Record set:
lemma sparkler_4_4:
  assumes "\<not> adj G u a \<or> \<not> exactly_one (adj G p y1) (adj G p y2) (adj G p y3)"
  shows "contains_subgraph G (sparkler 4 4)"
proof -
  consider "adj G u b \<or> adj G u c" | "{y1, y2, y3} \<inter> {a, b, c} = {}"
    | "a \<in> {y1, y2, y3}" "\<not> adj G u b" "\<not> adj G u c"
    using leaves by auto
  then show ?thesis
  proof cases
    case 3
    then have "adj G u a" using leaves by auto
    then have "\<not> exactly_one (adj G p y1) (adj G p y2) (adj G p y3)" using assms by simp
    then obtain x where x: "x \<in> {y1, y2, y3}" "x \<noteq> a" "adj G p x"
      using 3 path(2) leaves(1) unfolding exactly_one_def by auto
    obtain x2 where x2: "x2 \<in> {y1, y2, y3}" "x2 \<notin> {a, x}"
      using leaves(1) by (metis distinct_length_2_or_more insertCI insertE singletonD)
    have "x \<notin> {b, c}" using x(1) 3 leaves by auto
    then show ?thesis
      using sparkler_4_4_if_common_neighbour[OF \<open>adj G u a\<close>] x x2 leaves by auto
  qed (use sparkler_4_4_if_adj_u_b_or_c sparkler_4_4_if_leaves_off_path in auto)
qed

end

definition Neq :: "nat \<Rightarrow> nat \<Rightarrow> fo" where
  "Neq x y = Neg (Eq x y)"

definition path_from_1 :: "fo \<Rightarrow> fo" where
  "path_from_1 \<phi> = Ex 2 (Conj (Adj 1 2) (Conj (Neq 2 0) (Conj \<phi>
     (Ex 3 (Conj (Adj 2 3) (Conj (Neq 3 1) (Conj (Neq 3 0)
       (Ex 4 (Conj (Adj 3 4) (Conj (Neq 4 2) (Conj (Neq 4 1) (Neq 4 0))))))))))))"

definition leaves_at_0 :: "fo \<Rightarrow> fo" where
  "leaves_at_0 \<phi> = Ex 2 (Ex 3 (Ex 4 (Conj (Neq 2 3) (Conj (Neq 2 4) (Conj (Neq 3 4)
     (Conj (Adj 0 2) (Conj (Adj 0 3) (Conj (Adj 0 4)
       (Conj (Neq 2 1) (Conj (Neq 3 1) (Conj (Neq 4 1) \<phi>)))))))))))"

definition exactly_one_adj_1 :: fo where
  "exactly_one_adj_1 = Disj (Conj (Adj 1 2) (Conj (Neg (Adj 1 3)) (Neg (Adj 1 4))))
     (Disj (Conj (Neg (Adj 1 2)) (Conj (Adj 1 3) (Neg (Adj 1 4))))
           (Conj (Neg (Adj 1 2)) (Conj (Neg (Adj 1 3)) (Adj 1 4))))"

definition sparkler_4_4_sentence :: fo where
  "sparkler_4_4_sentence = Ex 0 (Ex 1 (Conj (Adj 0 1)
     (Disj (Conj (path_from_1 (Neg (Adj 0 2))) (leaves_at_0 (Eq 0 0)))
           (Conj (path_from_1 (Eq 0 0)) (leaves_at_0 (Neg exactly_one_adj_1))))))"

lemma sentence_sparkler_4_4_sentence: "sentence sparkler_4_4_sentence"
  by (auto simp: sentence_def sparkler_4_4_sentence_def path_from_1_def leaves_at_0_def
      exactly_one_adj_1_def Neq_def)

lemma qdepth_sparkler_4_4_sentence: "qdepth sparkler_4_4_sentence = 5"
  by (simp add: sparkler_4_4_sentence_def path_from_1_def leaves_at_0_def exactly_one_adj_1_def Neq_def)

lemma sat_path_from_1:
  assumes "is_graph G"
  shows "sat G \<sigma> (path_from_1 \<phi>) \<longleftrightarrow> (\<exists>a b c. adj G (\<sigma> 1) a \<and> adj G a b \<and> adj G b c \<and>
     a \<noteq> \<sigma> 0 \<and> b \<noteq> \<sigma> 1 \<and> b \<noteq> \<sigma> 0 \<and> c \<noteq> a \<and> c \<noteq> \<sigma> 1 \<and> c \<noteq> \<sigma> 0 \<and> sat G (\<sigma>(2 := a)) \<phi>)"
  unfolding path_from_1_def Neq_def using is_graph_adj_verts[OF assms] by simp blast

lemma sat_leaves_at_0:
  assumes "is_graph G"
  shows "sat G \<sigma> (leaves_at_0 \<phi>) \<longleftrightarrow> (\<exists>y1 y2 y3. distinct [\<sigma> 1, y1, y2, y3] \<and>
     adj G (\<sigma> 0) y1 \<and> adj G (\<sigma> 0) y2 \<and> adj G (\<sigma> 0) y3 \<and> sat G (\<sigma>(2 := y1, 3 := y2, 4 := y3)) \<phi>)"
  unfolding leaves_at_0_def Neq_def using is_graph_adj_verts[OF assms] by simp (smt (verit))

lemma almost_sparkler_iff:
  assumes "is_graph G"
  shows "almost_sparkler G u p a b c y1 y2 y3 \<longleftrightarrow> adj G u p \<and> adj G p a \<and> adj G a b \<and> adj G b c \<and>
     a \<noteq> u \<and> b \<noteq> p \<and> b \<noteq> u \<and> c \<noteq> a \<and> c \<noteq> p \<and> c \<noteq> u \<and>
     distinct [p, y1, y2, y3] \<and> adj G u y1 \<and> adj G u y2 \<and> adj G u y3"
  using assms is_graph_irrefl[OF assms] unfolding almost_sparkler_def by auto

lemma models_sparkler_4_4_sentence_iff:
  assumes G: "is_graph G"
  shows "models G sparkler_4_4_sentence \<longleftrightarrow>
    (\<exists>u p a b c y1 y2 y3. almost_sparkler G u p a b c y1 y2 y3 \<and>
       (\<not> adj G u a \<or> \<not> exactly_one (adj G p y1) (adj G p y2) (adj G p y3)))"
  unfolding almost_sparkler_iff[OF G] models_def sparkler_4_4_sentence_def exactly_one_adj_1_def
    exactly_one_def
  using is_graph_adj_verts[OF G] by (simp add: sat_path_from_1[OF G] sat_leaves_at_0[OF G]) blast

lemma models_sparkler_4_4_sentence_if_contains:
  assumes G: "is_graph G" and "contains_subgraph G (sparkler 4 4)"
  shows "models G sparkler_4_4_sentence"
proof -
  obtain c l1 l2 l3 q1 q2 q3 q4 where d: "distinct [c, l1, l2, l3, q1, q2, q3, q4]"
    and e: "adj G c l1" "adj G c l2" "adj G c l3" "adj G c q1" "adj G q1 q2" "adj G q2 q3" "adj G q3 q4"
    using assms unfolding contains_sparkler_4_4_iff[OF G] by blast
  have config: "almost_sparkler G c q1 q2 q3 q4 y1 y2 y3"
    if "distinct [q1, y1, y2, y3]" "adj G c y1" "adj G c y2" "adj G c y3" for y1 y2 y3
    using that d e G unfolding almost_sparkler_def by auto
  consider "\<not> adj G c q2" | "\<not> adj G q1 l1" "\<not> adj G q1 l2" "\<not> adj G q1 l3"
    | l l' where "adj G c q2" "adj G q1 l" "distinct [q1, q2, l, l']" "adj G c l" "adj G c l'"
    using d e by (metis distinct_length_2_or_more distinct_singleton)
  moreover have "almost_sparkler G c q1 q2 q3 q4 l1 l2 l3" by (rule config) (use d e in auto)
  ultimately show ?thesis
  proof cases
    case 1
    then show ?thesis using \<open>almost_sparkler G c q1 q2 q3 q4 l1 l2 l3\<close>
      unfolding models_sparkler_4_4_sentence_iff[OF G] by blast
  next
    case 2
    then have "\<not> exactly_one (adj G q1 l1) (adj G q1 l2) (adj G q1 l3)" by (simp add: exactly_one_def)
    then show ?thesis using \<open>almost_sparkler G c q1 q2 q3 q4 l1 l2 l3\<close>
      unfolding models_sparkler_4_4_sentence_iff[OF G] by blast
  next
    case (3 l l')
    then have "\<not> exactly_one (adj G q1 q2) (adj G q1 l) (adj G q1 l')" using e by (simp add: exactly_one_def)
    then show ?thesis using config[of q2 l l'] 3 unfolding models_sparkler_4_4_sentence_iff[OF G] by blast
  qed
qed

lemma defines_sparkler_4_4_at_depth_5: "defines_subgr_at_depth (sparkler 4 4) 5"
  unfolding defines_subgr_at_depth_def
proof (intro exI conjI allI impI)
  fix G assume "is_graph G \<and> connected_graph G \<and> Suc (7 ^ 3) \<le> card (verts G)"
  then have G: "is_graph G" and conn: "connected_graph G" and large: "7 ^ 3 < card (verts G)" by auto
  show "models G sparkler_4_4_sentence \<longleftrightarrow> contains_subgraph G (sparkler 4 4)"
  proof
    assume "models G sparkler_4_4_sentence"
    then obtain u p a b c y1 y2 y3 where "almost_sparkler G u p a b c y1 y2 y3"
      and "\<not> adj G u a \<or> \<not> exactly_one (adj G p y1) (adj G p y2) (adj G p y3)"
      unfolding models_sparkler_4_4_sentence_iff[OF G] by blast
    then show "contains_subgraph G (sparkler 4 4)"
      using large_almost_sparkler.sparkler_4_4 conn large
      by (simp add: large_almost_sparkler_def large_almost_sparkler_axioms_def)
  qed (rule models_sparkler_4_4_sentence_if_contains[OF G])
qed (fact sentence_sparkler_4_4_sentence qdepth_sparkler_4_4_sentence)+

lemma Dv_sparkler_4_4: "Dv (sparkler 4 4) = 5"
  unfolding Dv_def
proof (rule Least_equality)
  show "defines_subgr_at_depth (sparkler 4 4) 5" by (rule defines_sparkler_4_4_at_depth_5)
  show "5 \<le> d" if "defines_subgr_at_depth (sparkler 4 4) d" for d
    using that not_defines_sparkler_4_4_below_5[of d] by linarith
qed

theorem theorem2:
  shows "(\<exists>F. is_graph F \<and> connected_graph F \<and> Dv F + 3 \<le> card (verts F))
         \<and> Dv (sparkler 4 4) = 5"
  using Dv_sparkler_4_4 is_graph_sparkler[of 4 4] connected_sparkler[of 4 4] card_verts_sparkler[of 4 4]
  by auto

end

Exercise aim: Repeat every line of the data word for word until you have repeated the line that contains "y = Neg (Eq", which is the last one to include.

Response:
lemma sparkler_4_4:
  assumes "\<not> adj G u a \<or> \<not> exactly_one (adj G p y1) (adj G p y2) (adj G p y3)"
  shows "contains_subgraph G (sparkler 4 4)"
proof -
  consider "adj G u b \<or> adj G u c" | "{y1, y2, y3} \<inter> {a, b, c} = {}"
    | "a \<in> {y1, y2, y3}" "\<not> adj G u b" "\<not> adj G u c"
    using leaves by auto
  then show ?thesis
  proof cases
    case 3
    then have "adj G u a" using leaves by auto
    then have "\<not> exactly_one (adj G p y1) (adj G p y2) (adj G p y3)" using assms by simp
    then obtain x where x: "x \<in> {y1, y2, y3}" "x \<noteq> a" "adj G p x"
      using 3 path(2) leaves(1) unfolding exactly_one_def by auto
    obtain x2 where x2: "x2 \<in> {y1, y2, y3}" "x2 \<notin> {a, x}"
      using leaves(1) by (metis distinct_length_2_or_more insertCI insertE singletonD)
    have "x \<notin> {b, c}" using x(1) 3 leaves by auto
    then show ?thesis
      using sparkler_4_4_if_common_neighbour[OF \<open>adj G u a\<close>] x x2 leaves by auto
  qed (use sparkler_4_4_if_adj_u_b_or_c sparkler_4_4_if_leaves_off_path in auto)
qed

end

definition Neq :: "nat \<Rightarrow> nat \<Rightarrow> fo" where
  "Neq x y = Neg (Eq x y)"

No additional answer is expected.